Catheters as Portals for Infection

  • Foley catheters have a balloon on the end that is inflated to form a seal at the base of the bladder.
  • The tip of the catheter has holes for urine drainage, but it can also serve as a portal for infection.

Catheter Blockage

  • In some cases, particularly with Proteus, catheters can become blocked.
  • Crystalline deposits form inside the lumen, blocking the flow of urine.
  • Crystalline deposits are made up of struvite (magnesium ammonium phosphate) and apatite (hydroxylapatite in calcium phosphate).
  • Crystals grow because bacteria generate crystal formation.

Proteus mirabilis and Urease

  • Proteus mirabilis is the pathogen responsible for catheter blockage.
  • It produces urease, which hydrolyzes urea to form ammonium and carbonate ions, increasing the urinary pH.
  • High pH causes precipitation of magnesium and calcium phosphate crystals.
  • Urease and struvite break down the urethral surface.
  • Proteus mirabilis can cause recurrent urinary catheter infections.

Consequences of Catheter Infections

  • Ascending reflux can lead to kidney and bloodstream infections (pyelonephritis, septicemia, toxic shock).
  • Aggregates can form stones in the bladder, resistant to antibiotics.
  • Even after removing an encrusted catheter, the biofilm is already established in the bladder, and stones are still forming.

Strategies to Lower Urine pH

  • Citrus drinks, cranberry juice, and acidic fruit juices can increase fluid uptake to wash out the urinary tract.
  • Surgeons may need to surgically remove bladder stones if antibiotics fail.

Antimicrobial Catheters

  • Silver-impregnated catheters have been explored to reduce biofilm formation.
  • However, studies have shown that silver does not prevent biofilm formation or kill established biofilms.

Mouse Bladder Infection with Proteus

  • Stones can penetrate down into the epithelial layers of the bladder.

Pathogenic Factors of E. coli and Proteus mirabilis

  • E. coli causes relatively uncomplicated UTIs, while Proteus mirabilis causes more complicated UTIs.
  • Both produce virulence factors such as fimbriae and pili to attach to epithelial surfaces.
  • Both make toxins that attack host tissues and evade immune defenses.

Biofilms in the UTI Process

  • Latex catheters have rough surfaces with niches for bacteria to establish.
  • Staphylococcus aureus forms biofilms on latex catheters.
  • E. coli produces alginate, resulting in a lot of extra polymeric substance in the biofilm.
  • Proteus forms biofilms in urine with a basal layer and long fronds of microcolonies.
  • Proteus exhibits swarming behavior due to its flagella.
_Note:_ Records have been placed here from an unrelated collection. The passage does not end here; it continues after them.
(* Let $(A,A^* )$ be a left-symmetric bialgebroid. Then for all $x\in\Gamma(A)$, $\xi\in\Gamma(A^* )$ and $f\in C^\infty(M)$, $$x\cdot_A d_*f=-R_{df}x,\qquad \xi\cdot_{A^*}df=-R_{d_*f}\xi,$$ where $R_\eta:A\to A$ and $R_y:A^*\to A^*$ are defined by $\langle R_\eta x,\zeta\rangle=-\langle x,\zeta\cdot_{A^*}\eta\rangle$ and $\langle R_y\xi,z\rangle=-\langle\xi,z\cdot_Ay\rangle$.
   Context: A left-symmetric algebroid is a vector bundle $A\to M$ with an $\mathbb R$-bilinear multiplication $\cdot_A$ on $\Gamma(A)$ with $x\cdot_A(y\cdot_Az)-(x\cdot_Ay)\cdot_Az$ symmetric in $x,y$, and an anchor $a_A:A\to TM$ with $x\cdot_A(fy)=f(x\cdot_Ay)+a_A(x)(f)y$, $(fx)\cdot_Ay=f(x\cdot_Ay)$; $[x,y]_A=x\cdot_Ay-y\cdot_Ax$; $d$ is the differential of the Lie algebroid $(A,[\cdot,\cdot]_A,a_A)$. The coboundary $\delta:C^n(A)\to C^{n+1}(A)$, $C^{n+1}(A)=\Gamma(\wedge^nA^*\otimes A^* )$, is $\delta\varphi(x_1,\dots,x_{n+1})=\sum_{i=1}^n(-1)^{i+1}a_A(x_i)\varphi(\dots,\hat{x_i},\dots,x_{n+1})-\sum_{i=1}^n(-1)^{i+1}\varphi(\dots,\hat{x_i},\dots,x_n,x_i\cdot_Ax_{n+1})+\sum_{i<j\le n}(-1)^{i+j}\varphi([x_i,x_j]_A,\dots,\hat{x_i},\dots,\hat{x_j},\dots,x_{n+1})$. The Lie derivative $\mathfrak L_x$ on $\Gamma(A\otimes A)$ is $\mathfrak L_x(y_1\otimes y_2)=(x\cdot_Ay_1)\otimes y_2+y_1\otimes[x,y_2]_A$. For left-symmetric algebroids $A$ and $A^*$ on dual bundles, $[\cdot,\cdot]_{A^*}$, $d_*$ ($\langle d_*f,\xi\rangle=a_{A^*}(\xi)f$), $\delta_*$, $\mathfrak L_\xi$ are defined by the same formulas with $A$ and $A^*$ exchanged. $(A,A^* )$ is a left-symmetric bialgebroid if $\delta[\xi,\eta]_{A^*}=\mathfrak L_\xi\delta\eta-\mathfrak L_\eta\delta\xi$ and $\delta_*[x,y]_A=\mathfrak L_x\delta_*y-\mathfrak L_y\delta_*x$ for all $x,y\in\Gamma(A)$, $\xi,\eta\in\Gamma(A^* )$. *)

theory Defs
  imports Main "HOL.Real_Vector_Spaces"
begin

text \<open>Algebraic (Serre--Swan) model.  The type 'f plays the role of C-infinity(M),
 'a of Gamma(A) and 'b of Gamma(A*).  Vector fields on M are the derivations of C-infinity(M).\<close>

definition is_fmodule :: "('f::comm_ring_1 \<Rightarrow> 'a::ab_group_add \<Rightarrow> 'a) \<Rightarrow> bool" where
  "is_fmodule sm \<longleftrightarrow>
     (\<forall>f x y. sm f (x + y) = sm f x + sm f y) \<and>
     (\<forall>f g x. sm (f + g) x = sm f x + sm g x) \<and>
     (\<forall>f g x. sm (f * g) x = sm f (sm g x)) \<and>
     (\<forall>x. sm 1 x = x)"

definition is_vector_field :: "('f::{comm_ring_1,real_algebra_1} \<Rightarrow> 'f) \<Rightarrow> bool" where
  "is_vector_field D \<longleftrightarrow>
     (\<forall>f g. D (f + g) = D f + D g) \<and>
     (\<forall>f g. D (f * g) = f * D g + g * D f) \<and>
     (\<forall>c::real. D (of_real c) = 0)"

text \<open>Gamma(A) and Gamma(A*) are dual: a C-infinity-bilinear pairing pr x xi = <x,xi>,
 nondegenerate in the Gamma(A*) argument, and Gamma(A) is finitely generated projective
 with a dual basis (this makes Gamma(A*) the full dual module of Gamma(A) and vice versa).\<close>
definition dual_pair ::
  "('f::{comm_ring_1,real_algebra_1} \<Rightarrow> 'a::ab_group_add \<Rightarrow> 'a) \<Rightarrow> ('f \<Rightarrow> 'b::ab_group_add \<Rightarrow> 'b)
   \<Rightarrow> ('a \<Rightarrow> 'b \<Rightarrow> 'f) \<Rightarrow> bool" where
  "dual_pair sm sm' pr \<longleftrightarrow>
     is_fmodule sm \<and> is_fmodule sm' \<and>
     (\<forall>x y \<xi>. pr (x + y) \<xi> = pr x \<xi> + pr y \<xi>) \<and>
     (\<forall>x \<xi> \<eta>. pr x (\<xi> + \<eta>) = pr x \<xi> + pr x \<eta>) \<and>
     (\<forall>f x \<xi>. pr (sm f x) \<xi> = f * pr x \<xi>) \<and>
     (\<forall>f x \<xi>. pr x (sm' f \<xi>) = f * pr x \<xi>) \<and>
     (\<forall>\<xi>. (\<forall>x. pr x \<xi> = 0) \<longrightarrow> \<xi> = 0) \<and>
     (\<exists>E::('a \<times> 'b) list. \<forall>x. x = (\<Sum>(e, \<epsilon>) \<leftarrow> E. sm (pr x \<epsilon>) e))"

definition left_symmetric_algebroid ::
  "('f::{comm_ring_1,real_algebra_1} \<Rightarrow> 'a::ab_group_add \<Rightarrow> 'a) \<Rightarrow> ('a \<Rightarrow> 'a \<Rightarrow> 'a)
   \<Rightarrow> ('a \<Rightarrow> 'f \<Rightarrow> 'f) \<Rightarrow> bool" where
  "left_symmetric_algebroid sm m a \<longleftrightarrow>
     is_fmodule sm \<and>
     (\<forall>x. is_vector_field (a x)) \<and>
     (\<forall>x y g. a (x + y) g = a x g + a y g) \<and>
     (\<forall>f x g. a (sm f x) g = f * a x g) \<and>
     (\<forall>x y z. m (x + y) z = m x z + m y z) \<and>
     (\<forall>x y z. m x (y + z) = m x y + m x z) \<and>
     (\<forall>(c::real) x y. m (sm (of_real c) x) y = sm (of_real c) (m x y)) \<and>
     (\<forall>(c::real) x y. m x (sm (of_real c) y) = sm (of_real c) (m x y)) \<and>
     (\<forall>x y z. m x (m y z) - m (m x y) z = m y (m x z) - m (m y x) z) \<and>
     (\<forall>f x y. m x (sm f y) = sm f (m x y) + sm (a x f) y) \<and>
     (\<forall>f x y. m (sm f x) y = sm f (m x y))"

definition commutator :: "('a::ab_group_add \<Rightarrow> 'a \<Rightarrow> 'a) \<Rightarrow> 'a \<Rightarrow> 'a \<Rightarrow> 'a" where
  "commutator m x y = m x y - m y x"

definition dA :: "('a \<Rightarrow> 'b \<Rightarrow> 'f) \<Rightarrow> ('a \<Rightarrow> 'f \<Rightarrow> 'f) \<Rightarrow> 'f \<Rightarrow> 'b" where
  "dA pr aA f = (THE \<xi>. \<forall>x. pr x \<xi> = aA x f)"

definition dstar :: "('a \<Rightarrow> 'b \<Rightarrow> 'f) \<Rightarrow> ('b \<Rightarrow> 'f \<Rightarrow> 'f) \<Rightarrow> 'f \<Rightarrow> 'a" where
  "dstar pr aB f = (THE y. \<forall>\<xi>. pr y \<xi> = aB \<xi> f)"

text \<open>Coboundary on C^1(A) = Gamma(A*), with values in C^2(A) = Gamma(A* (x) A*) seen as
 C-infinity-bilinear forms on Gamma(A):  delta eta (x1,x2) = a_A(x1)<x2,eta> - <x1.x2, eta>.\<close>
definition deltaA :: "('a \<Rightarrow> 'b \<Rightarrow> 'f::ab_group_add) \<Rightarrow> ('a \<Rightarrow> 'a \<Rightarrow> 'a) \<Rightarrow> ('a \<Rightarrow> 'f \<Rightarrow> 'f)
    \<Rightarrow> 'b \<Rightarrow> 'a \<Rightarrow> 'a \<Rightarrow> 'f" where
  "deltaA pr mA aA \<eta> x1 x2 = aA x1 (pr x2 \<eta>) - pr (mA x1 x2) \<eta>"

definition deltaB :: "('a \<Rightarrow> 'b \<Rightarrow> 'f::ab_group_add) \<Rightarrow> ('b \<Rightarrow> 'b \<Rightarrow> 'b) \<Rightarrow> ('b \<Rightarrow> 'f \<Rightarrow> 'f)
    \<Rightarrow> 'a \<Rightarrow> 'b \<Rightarrow> 'b \<Rightarrow> 'f" where
  "deltaB pr mB aB y \<xi>1 \<xi>2 = aB \<xi>1 (pr y \<xi>2) - pr y (mB \<xi>1 \<xi>2)"

text \<open>Elements of Gamma(A* (x) A*) written as finite sums of decomposables (lists of pairs),
 evaluated as bilinear forms on Gamma(A); likewise for Gamma(A (x) A).\<close>
definition tensB :: "('a \<Rightarrow> 'b \<Rightarrow> 'f::comm_ring_1) \<Rightarrow> ('b \<times> 'b) list \<Rightarrow> 'a \<Rightarrow> 'a \<Rightarrow> 'f" where
  "tensB pr L x1 x2 = (\<Sum>(\<eta>1, \<eta>2) \<leftarrow> L. pr x1 \<eta>1 * pr x2 \<eta>2)"

definition tensA :: "('a \<Rightarrow> 'b \<Rightarrow> 'f::comm_ring_1) \<Rightarrow> ('a \<times> 'a) list \<Rightarrow> 'b \<Rightarrow> 'b \<Rightarrow> 'f" where
  "tensA pr L \<xi>1 \<xi>2 = (\<Sum>(y1, y2) \<leftarrow> L. pr y1 \<xi>1 * pr y2 \<xi>2)"

definition LieB :: "('b::ab_group_add \<Rightarrow> 'b \<Rightarrow> 'b) \<Rightarrow> 'b \<Rightarrow> ('b \<times> 'b) list \<Rightarrow> ('b \<times> 'b) list" where
  "LieB mB \<xi> L = concat (map (\<lambda>(\<eta>1, \<eta>2). [(mB \<xi> \<eta>1, \<eta>2), (\<eta>1, commutator mB \<xi> \<eta>2)]) L)"

definition LieA :: "('a::ab_group_add \<Rightarrow> 'a \<Rightarrow> 'a) \<Rightarrow> 'a \<Rightarrow> ('a \<times> 'a) list \<Rightarrow> ('a \<times> 'a) list" where
  "LieA mA x L = concat (map (\<lambda>(y1, y2). [(mA x y1, y2), (y1, commutator mA x y2)]) L)"

definition left_symmetric_bialgebroid ::
  "('f::{comm_ring_1,real_algebra_1} \<Rightarrow> 'a::ab_group_add \<Rightarrow> 'a) \<Rightarrow> ('f \<Rightarrow> 'b::ab_group_add \<Rightarrow> 'b)
   \<Rightarrow> ('a \<Rightarrow> 'b \<Rightarrow> 'f) \<Rightarrow> ('a \<Rightarrow> 'a \<Rightarrow> 'a) \<Rightarrow> ('a \<Rightarrow> 'f \<Rightarrow> 'f)
   \<Rightarrow> ('b \<Rightarrow> 'b \<Rightarrow> 'b) \<Rightarrow> ('b \<Rightarrow> 'f \<Rightarrow> 'f) \<Rightarrow> bool" where
  "left_symmetric_bialgebroid sm sm' pr mA aA mB aB \<longleftrightarrow>
     dual_pair sm sm' pr \<and>
     left_symmetric_algebroid sm mA aA \<and>
     left_symmetric_algebroid sm' mB aB \<and>
     (\<forall>\<xi> \<eta> L1 L2. tensB pr L1 = deltaA pr mA aA \<eta> \<longrightarrow> tensB pr L2 = deltaA pr mA aA \<xi> \<longrightarrow>
        deltaA pr mA aA (commutator mB \<xi> \<eta>) =
          (\<lambda>x1 x2. tensB pr (LieB mB \<xi> L1) x1 x2 - tensB pr (LieB mB \<eta> L2) x1 x2)) \<and>
     (\<forall>x y L1 L2. tensA pr L1 = deltaB pr mB aB y \<longrightarrow> tensA pr L2 = deltaB pr mB aB x \<longrightarrow>
        deltaB pr mB aB (commutator mA x y) =
          (\<lambda>\<xi>1 \<xi>2. tensA pr (LieA mA x L1) \<xi>1 \<xi>2 - tensA pr (LieA mA y L2) \<xi>1 \<xi>2))"

definition RA :: "('a \<Rightarrow> 'b \<Rightarrow> 'f::ab_group_add) \<Rightarrow> ('b \<Rightarrow> 'b \<Rightarrow> 'b) \<Rightarrow> 'b \<Rightarrow> 'a \<Rightarrow> 'a" where
  "RA pr mB \<eta> x = (THE w. \<forall>\<zeta>. pr w \<zeta> = - pr x (mB \<zeta> \<eta>))"

definition RB :: "('a \<Rightarrow> 'b \<Rightarrow> 'f::ab_group_add) \<Rightarrow> ('a \<Rightarrow> 'a \<Rightarrow> 'a) \<Rightarrow> 'a \<Rightarrow> 'b \<Rightarrow> 'b" where
  "RB pr mA y \<xi> = (THE \<omega>. \<forall>z. pr z \<omega> = - pr (mA z y) \<xi>)"

end

theory Submission
  imports Defs
begin

text \<open>Write the compatibility condition
  \<open>\<delta>\<^sub>*[x,y] = L\<^sub>x \<delta>\<^sub>*y - L\<^sub>y \<delta>\<^sub>*x\<close> once for \<open>(x, y)\<close> and once for \<open>(x, g y)\<close>.
  Expanding the second with the Leibniz rules of both algebroids (the tensor \<open>g \<cdot> T + d\<^sub>*g \<otimes> y\<close>
  represents \<open>\<delta>\<^sub>*(g y)\<close> when \<open>T\<close> represents \<open>\<delta>\<^sub>*y\<close>) and subtracting \<open>g\<close> times the first, everything
  cancels except \<open>(\<langle>x \<cdot> d\<^sub>*g, \<xi>\<rangle> - \<langle>x, \<xi> \<cdot> dg\<rangle>) \<langle>y, \<eta>\<rangle>\<close>. So this product vanishes for all \<open>y, \<eta>\<close>,
  and non-degeneracy of the pairing gives \<open>x \<cdot> d\<^sub>*g = -R\<^bsub>dg\<^esub> x\<close>. The second identity is the first
  one for the bialgebroid \<open>(A\<^sup>*, A)\<close>, obtained by flipping the pairing.\<close>

lemma is_fmodule_module: "is_fmodule sm \<Longrightarrow> module sm"
  unfolding is_fmodule_def by unfold_locales simp_all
Immune System and Bladder Infection

  • Leukocytes attack in E. coli infections in the mouse bladder.
  • Stones act as nuclear bunkers for E. coli, providing a physical barrier against immune attack.
  • E. coli produces Aji 43, characteristic of biofilm formation in the bladder.

Co-infection with Gardnerella

  • Gardnerella, found in the vagina, can cause problems in the urinary tract.
  • It can attack the epithelial surface of the GI tract, exposing the underneath to an E. coli UTI.
  • E. coli does better in polymicrobial infections.

Summary

  • Skin flora is complex, and breaching the barrier leads to disease.
  • Indwelling devices breach the body's defenses, allowing what gets in to form biofilms.
  • Current materials have little advantage in suppressing biofilm formation.
  • Biofilms provide defense against immunity and antibiotics.
  • Biofilms are linked to inflammatory responses and cystitis.
  • Polymicrobial infections increase the virulence of some pathogens.